- Founded: 1954
- Founder: Sylvester Cross
- Defunct: 1963
- Status: Defunct
- Genre: Various
- Country of origin: U.S.
- Location: Hollywood, California

= Crest Records =

Crest Records was a subsidiary record label of music publisher American Music owned by Sylvester Cross.

==History==
Crest Records started operating in 1954, released its first records in 1955. Its offices were located at 9109 Sunset Boulevard in Hollywood, California. Crest Records recorded a long list of artists in a wide variety of styles and were more of a pop label, similar to Liberty Records for instance.
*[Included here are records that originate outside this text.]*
lemma has_vector_derivative_inverse:
  fixes f :: "real \<Rightarrow> 'a::real_normed_div_algebra"
  assumes "(f has_vector_derivative f') (at x within S)" "f x \<noteq> 0"
  shows "((\<lambda>x. inverse (f x)) has_vector_derivative - (inverse (f x) * f' * inverse (f x))) (at x within S)"
proof -
  have "(\<lambda>h. - (inverse (f x) * (h *\<^sub>R f') * inverse (f x))) = (\<lambda>h. h *\<^sub>R - (inverse (f x) * f' * inverse (f x)))"
    by (simp add: fun_eq_iff)
  then show ?thesis
    using Deriv.has_derivative_inverse[OF assms(2) assms(1)[unfolded has_vector_derivative_def]]
    unfolding has_vector_derivative_def by simp
qed

lemma Dm_inverse:
  fixes f :: "real \<Rightarrow> 'a::real_normed_field"
  assumes "f \<in> Dm m a b" "\<And>x. x \<in> {a..b} \<Longrightarrow> f x \<noteq> 0"
  shows "(\<lambda>x. inverse (f x)) \<in> Dm m a b"
  using assms(1)
proof (induction m)
  case 0
  then show ?case by simp
next
  case (Suc m)
  have inv: "(\<lambda>x. inverse (f x)) \<in> Dm m a b" and f': "hderiv {a..b} 1 f \<in> Dm m a b"
    using Suc Dm_SucD by auto
  have "(\<lambda>x. - 1 * (inverse (f x) * hderiv {a..b} 1 f x * inverse (f x))) \<in> Dm m a b"
    by (intro Dm_scale Dm_mult inv f')
  moreover have "((\<lambda>x. inverse (f x)) has_vector_derivative
      - 1 * (inverse (f x) * hderiv {a..b} 1 f x * inverse (f x))) (at x within {a..b})"
    if "x \<in> {a..b}" for x
    using has_vector_derivative_inverse[OF Dm_SucD(3)[OF Suc.prems that] assms(2)[OF that]] by simp
  ultimately show ?case
    by (rule Dm_SucI(1)[rotated])
qed

lemma Dm_divide:
  fixes f g :: "real \<Rightarrow> 'a::real_normed_field"
  assumes "f \<in> Dm m a b" "g \<in> Dm m a b" "\<And>x. x \<in> {a..b} \<Longrightarrow> g x \<noteq> 0"
  shows "(\<lambda>x. f x / g x) \<in> Dm m a b"
  using Dm_mult[OF assms(1) Dm_inverse[OF assms(2,3)]] by (simp add: divide_inverse)

lemma hderiv_Suc_mult:
  fixes g h :: "real \<Rightarrow> 'a::real_normed_algebra_1"
  assumes g: "g \<in> Dm (Suc K) a b" and h: "h \<in> Dm (Suc K) a b" and "i \<le> K" "x \<in> {a..b}"
  shows "hderiv {a..b} (Suc i) (\<lambda>x. g x * h x) x
    = hderiv {a..b} i (\<lambda>x. g x * hderiv {a..b} 1 h x) x + hderiv {a..b} i (\<lambda>x. hderiv {a..b} 1 g x * h x) x"
proof -
  have "(\<lambda>x. g x * hderiv {a..b} 1 h x) \<in> Dm K a b" "(\<lambda>x. hderiv {a..b} 1 g x * h x) \<in> Dm K a b"
    using Dm_SucD[OF g] Dm_SucD[OF h] by (auto intro: Dm_mult)
  then show ?thesis
    using Dm_SucI(2)[OF Dm_has_vector_derivative_mult[OF g h] Dm_add(1) \<open>x \<in> {a..b}\<close>]
      Dm_add(2) \<open>i \<le> K\<close> \<open>x \<in> {a..b}\<close> by simp
qed

lemma hderiv_mult_flat:
  fixes g h :: "real \<Rightarrow> 'a::real_normed_algebra_1"
  assumes c: "c \<in> {a..b}" and "g \<in> Dm K a b" "h \<in> Dm K a b"
    and flat: "\<And>i. i < K \<Longrightarrow> hderiv {a..b} i g c = 0"
  shows "i < K \<Longrightarrow> hderiv {a..b} i (\<lambda>x. g x * h x) c = 0"
    and "hderiv {a..b} K (\<lambda>x. g x * h x) c = hderiv {a..b} K g c * h c"
proof -
  have "(\<forall>i<K. hderiv {a..b} i (\<lambda>x. g x * h x) c = 0)
    \<and> hderiv {a..b} K (\<lambda>x. g x * h x) c = hderiv {a..b} K g c * h c"
    using assms(2-4)
  proof (induction K arbitrary: g h)
    case (Suc K)
    define g' h' where "g' = hderiv {a..b} 1 g" and "h' = hderiv {a..b} 1 h"
    have flat': "hderiv {a..b} i g' c = 0" if "i < K" for i
      using Suc.prems(3) that unfolding g'_def hderiv_hderiv_one by simp
    note IH1 = Suc.IH[OF Dm_SucD(1)[OF Suc.prems(1)] Dm_SucD(2)[OF Suc.prems(2), folded h'_def]]
      and IH2 = Suc.IH[OF Dm_SucD(2)[OF Suc.prems(1), folded g'_def] Dm_SucD(1)[OF Suc.prems(2)] flat']
    have step: "hderiv {a..b} (Suc i) (\<lambda>x. g x * h x) c
        = hderiv {a..b} i (\<lambda>x. g x * h' x) c + hderiv {a..b} i (\<lambda>x. g' x * h x) c" if "i \<le> K" for i
      unfolding g'_def h'_def using Suc.prems(1,2) that c by (rule hderiv_Suc_mult)
    have "hderiv {a..b} i (\<lambda>x. g x * h x) c = 0" if "i < Suc K" for i
    proof (cases i)
      case 0
      then show ?thesis using Suc.prems(3)[of 0] by simp
    next
      case (Suc i')
      then show ?thesis using step[of i'] that IH1 IH2 Suc.prems(3) by simp
    qed
    moreover have "hderiv {a..b} (Suc K) (\<lambda>x. g x * h x) c = hderiv {a..b} (Suc K) g c * h c"
      using step[of K] IH1 IH2 Suc.prems(3) unfolding g'_def hderiv_hderiv_one by simp
    ultimately show ?case by blast
  qed simp
  then show "i < K \<Longrightarrow> hderiv {a..b} i (\<lambda>x. g x * h x) c = 0"
    and "hderiv {a..b} K (\<lambda>x. g x * h x) c = hderiv {a..b} K g c * h c"
    by auto
qed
The label scored a hit with the song Three Stars a tribute record to Buddy Holly, Ritchie Valens and The Big Bopper, written and performed by DJ Tommy Dee. Another hit was Turn Around, Look at Me by Glen Campbell. Crest closed its activities in 1963.

===Sylvester Cross===
Sylvester Cross, president of American Music, Inc. published thousands of songs during the 1940s, in most cases for a fee of about $60. Although the company was charging songwriters to record and publish their music, they did have hundreds of hit songs. Sylvester Cross was a real estate developer by trade ran American Music as his secondary business. After his death his wife quickly sold his publishing company to Hill and Range Songs.

==Artists==
Among the artists who recorded for the label were Jewel Akens, Eddie Cochran, Carol Kaye, Bobby Edwards, Jimmy Bowen, Tom Tall, Donna Loren, Bob Denton, Terry Fell and Glen Campbell.